Дорога неслась под копыта, а я рассеянно смотрел вперед, прислушиваясь к звучащему в такт мыслям ритму глобулы Сароны и в который раз решая про себя щепетильный вопрос… Может быть, не совсем этично с моей стороны читать чужую историю жизни с эмлота со всеми глубоко хранимыми тайнами и личными переживаниями, но ведь и они здесь не собирались со мной церемониться. В чужом мире все средства хороши, а излишняя деликатность мало кому помогла сохранить жизнь… Силы Зла, кажется, я стат испытывать чувство вины за то, что разбудил в спутнице столь печальные воспоминания…

Что-то меня отвлекло от самокопания.

Нечто двигалось среди леса параллельно нам по обе стороны дороги. Сверхчувственно настроенное восприятие, мгновенно среагировав на уловленную опасность, развернулось сканирующим паутинным экраном-сетью во всей полноте, накрыв участок местности около километра в диаметре. Спустя какие-то доли секунды я уже обладал необходимой информацией. Множество отдельных живых особей, десятков пять. Какое-то хищное зверье, решившее выяснить, годимся ли мы им в качестве добычи. Судя по ощущениям, весьма голодное зверье.

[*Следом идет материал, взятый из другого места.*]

(* Build a permutation of {1..n+1} by inserting n+1 into a permutation of {1..n}, written as a
   word with k interior peaks. Inserting at either end or immediately before or after a peak keeps
   k peaks (2k+2 slots); each of the remaining n-1-2k slots creates one new peak. For the weight
   w n k = (-1)^k C(k, n div 2 - k), the contiguity relations of C give
   (2k+2) w (n+1) k + (n-1-2k) w (n+1) (k+1) = w n k or 4 w n k according as n is even or odd,
   so the weighted sum over S_n is 4^(n div 2). For p_+ the word is prefixed by sigma(0) = 0, in
   front of which nothing is inserted, leaving 2k+1 peak-preserving slots; when n+1 is even the
   resulting combination of weights vanishes for every k, so the sum is 0. *)

definition insert_at :: "nat \<Rightarrow> 'a \<Rightarrow> 'a list \<Rightarrow> 'a list" where
  "insert_at j x xs = take j xs @ x # drop j xs"

lemma length_insert_at [simp]: "j \<le> length xs \<Longrightarrow> length (insert_at j x xs) = Suc (length xs)"
  by (simp add: insert_at_def)

lemma nth_insert_at:
  "j \<le> length xs \<Longrightarrow>
    insert_at j x xs ! i = (if i < j then xs ! i else if i = j then x else xs ! (i - 1))"
  by (simp add: insert_at_def nth_append nth_Cons' min_def)

lemma set_insert_at [simp]: "set (insert_at j x xs) = insert x (set xs)"
  using set_append [of "take j xs" "drop j xs"] by (simp add: insert_at_def)

lemma distinct_insert_at: "distinct xs \<Longrightarrow> x \<notin> set xs \<Longrightarrow> distinct (insert_at j x xs)"
  using distinct_append [of "take j xs" "drop j xs"] set_append [of "take j xs" "drop j xs"]
  by (auto simp: insert_at_def)

lemma remove1_insert_at: "x \<notin> set xs \<Longrightarrow> remove1 x (insert_at j x xs) = xs"
  unfolding insert_at_def by (auto simp: remove1_append dest: in_set_takeD)

lemma length_takeWhile_insert_at:
  "x \<notin> set xs \<Longrightarrow> j \<le> length xs \<Longrightarrow> length (takeWhile (\<lambda>y. y \<noteq> x) (insert_at j x xs)) = j"
  unfolding insert_at_def by (subst takeWhile_append2) (auto dest: in_set_takeD)

lemma Cons_insert_at: "y # insert_at j x xs = insert_at (Suc j) x (y # xs)"
  by (simp add: insert_at_def)

lemma insert_at_split:
  assumes "x \<in> set zs"
  shows "length (takeWhile (\<lambda>y. y \<noteq> x) zs) \<le> length (remove1 x zs)"
    and "insert_at (length (takeWhile (\<lambda>y. y \<noteq> x) zs)) x (remove1 x zs) = zs"
proof -
  obtain us vs where zs: "zs = us @ x # vs" and x: "x \<notin> set us"
    using split_list_first [OF assms] by blast
  have "takeWhile (\<lambda>y. y \<noteq> x) zs = us"
    unfolding zs using x by (subst takeWhile_append2) auto
  moreover have "remove1 x zs = us @ vs"
    unfolding zs using x by (simp add: remove1_append)
  ultimately
  show "length (takeWhile (\<lambda>y. y \<noteq> x) zs) \<le> length (remove1 x zs)"
    "insert_at (length (takeWhile (\<lambda>y. y \<noteq> x) zs)) x (remove1 x zs) = zs"
    by (simp_all add: insert_at_def zs)
qed

lemma bij_betw_insert_at_permutations_of_set:
  assumes "x \<notin> A"
  shows "bij_betw (\<lambda>(ys, j). insert_at j x ys)
    (permutations_of_set A \<times> {0..card A}) (permutations_of_set (insert x A))"
proof (rule bij_betw_byWitness
    [where f' = "\<lambda>zs. (remove1 x zs, length (takeWhile (\<lambda>y. y \<noteq> x) zs))"], goal_cases)
  case 1
  show ?case
    using assms by (auto simp: remove1_insert_at length_takeWhile_insert_at permutations_of_set_def
        length_finite_permutations_of_set)
next
  case 2
  show ?case
    by (auto simp: insert_at_split permutations_of_set_def)
next
  case 3
  show ?case
    using assms by (auto simp: permutations_of_set_def distinct_insert_at)
next
  case 4
  show ?case
  proof (rule image_subsetI)
    fix zs assume zs: "zs \<in> permutations_of_set (insert x A)"
    then have "remove1 x zs \<in> permutations_of_set A"
      using assms by (auto simp: permutations_of_set_def)
    moreover have "length (takeWhile (\<lambda>y. y \<noteq> x) zs) \<le> card A"
      using insert_at_split(1) [of x zs] zs calculation
      by (auto simp: permutations_of_set_def length_finite_permutations_of_set)
    ultimately show "(remove1 x zs, length (takeWhile (\<lambda>y. y \<noteq> x) zs))
        \<in> permutations_of_set A \<times> {0..card A}"
      by simp
  qed
qed

lemma sum_permutations_of_set_insert:
  assumes "x \<notin> A"
  shows "(\<Sum>zs\<in>permutations_of_set (insert x A). g zs)
    = (\<Sum>ys\<in>permutations_of_set A. \<Sum>j\<in>{0..card A}. g (insert_at j x ys))"
proof -
  have "(\<Sum>zs\<in>permutations_of_set (insert x A). g zs)
      = (\<Sum>(ys, j)\<in>permutations_of_set A \<times> {0..card A}. g (insert_at j x ys))"
    using sum.reindex_bij_betw [OF bij_betw_insert_at_permutations_of_set [OF assms], of g]
    by (simp add: case_prod_beta)
  then show ?thesis
    by (simp add: sum.cartesian_product)
qed

lemma bij_betw_map_permutes:
  assumes "distinct xs"
  shows "bij_betw (\<lambda>\<sigma>. map \<sigma> xs) {\<sigma>. \<sigma> permutes set xs} (permutations_of_set (set xs))"
proof -
  have inj: "inj_on (\<lambda>\<sigma>. map \<sigma> xs) {\<sigma>. \<sigma> permutes set xs}"
  proof (rule inj_onI)
    fix \<sigma> \<tau> assume "\<sigma> \<in> {\<sigma>. \<sigma> permutes set xs}" "\<tau> \<in> {\<sigma>. \<sigma> permutes set xs}"
      and "map \<sigma> xs = map \<tau> xs"
    then show "\<sigma> = \<tau>"
      by (intro ext) (metis map_eq_conv mem_Collect_eq permutes_not_in)
  qed
  have subset: "(\<lambda>\<sigma>. map \<sigma> xs) ` {\<sigma>. \<sigma> permutes set xs} \<subseteq> permutations_of_set (set xs)"
  proof (rule image_subsetI)
    fix \<sigma> assume "\<sigma> \<in> {\<sigma>. \<sigma> permutes set xs}"
    then have "\<sigma> permutes set xs"
      by simp
    then show "map \<sigma> xs \<in> permutations_of_set (set xs)"
      using assms
      by (auto simp: permutations_of_set_def permutes_image distinct_map permutes_inj_on)
  qed
  have "card ((\<lambda>\<sigma>. map \<sigma> xs) ` {\<sigma>. \<sigma> permutes set xs}) = card (permutations_of_set (set xs))"
    using inj by (simp add: card_image card_permutations)
  then show ?thesis
    using inj subset by (simp add: bij_betw_def card_subset_eq)
qed

definition peaks :: "'a::linorder list \<Rightarrow> nat set" where
  "peaks xs = {i. 0 < i \<and> Suc i < length xs \<and> xs ! (i - 1) < xs ! i \<and> xs ! Suc i < xs ! i}"

lemma peaks_subset: "peaks xs \<subseteq> {1..<length xs - 1}"
  unfolding peaks_def by auto

lemma finite_peaks [simp]: "finite (peaks xs)"
  using peaks_subset finite_subset by blast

Злыдень возбужденно тряхнул ушами, громко, с подвыванием, фыркнул, словно желая сбросить надоедливые поводья, снова повернул голову, уставившись на меня блестящим черным глазом, на этот раз – требовательно и азартно. Ему хотелось драки. Этот здоровенный черный парень ничего не боялся, жажда убийства его просто переполняла. Ему нужен был враг. И этот враг наконец появился в лесных окрестностях после долгих часов скучной скачки. Нет уж, парень, меня подобные сопровождающие тоже не устраивали, но я приму свои собственные меры. Надо сказать, что за свою жизнь я повидал немало разных страшилищ: чего стоит хотя бы лорк, хищник, до сих пор живущий в таком цивилизованном мире, как Нова-2, – свирепое, могучее создание, сплошь состоящее из клыков, когтей и панцирной кожи, взрослая особь которого способна разорвать бронированную машину. Цивилизация оттеснила этих зверюг в глубь дремучих лесов планеты, но так и не смогла уничтожить полностью даже спустя три столетия тотального истребления. Я мысленно воссоздал этот образ у себя в голове в цвете, придал твари рост, вдвое превышающий рост моего чарса, добавил адское чувство голода, нестерпимое желание поохотиться и способность к всеядности, а затем послал этот жуткий образ по ментальной паутине.

Сработало, да еще как.

Местное зверье, решившее сопровождать нас в качестве почетного эскорта, бросилось врассыпную. На всякий случай я отследил их продвижение до границ сканирующей сети и, как оказалось, не зря. Несмотря на внушенный ужас, звери не покинули нас совсем, просто держались теперь на почтительном расстоянии. Вероятно, эта местность служила им привычными охотничьими угодьями, и они не желали так просто сдаваться. Что ж, пока они не будут приближаться, меня это устроит.

Двадцать минут, отпущенные на глобулу Сароны, давно прошли, и когда я вернулся на волну сиглайзера, то меня ждал сюрприз. Здесь следует кое-то пояснить. Дело в том, что сиглайзер можно подстраивать под настроение и без программного меню, для этого лишь надо знать об этом. Пожелаешь – и аппарат займется подбором мелодии самостоятельно. Дружинница знать этого не могла, но вслед за отзвучавшей Сароной теперь звучала одна из глобул Шоларса – «Песнь Фанриетты, история о потерянной любви» (мощная композиция, глубоко воздействующая на подсознание). Музыка глобул заставляет переживать так, как если бы эта история случилась именно с вами, вдобавок глобулы Шоларса сопровождаются особенно яркими картинами происходящих событий и развивающихся взаимоотношений главных героев композиции. Я удивленно покосился на сотницу, но не стал ей мешать. Похоже, вошла во вкус. Как бы она ни пряталась за своим безразличием, тема любви ее все-таки волновала. Как и всякую нормальную женщину.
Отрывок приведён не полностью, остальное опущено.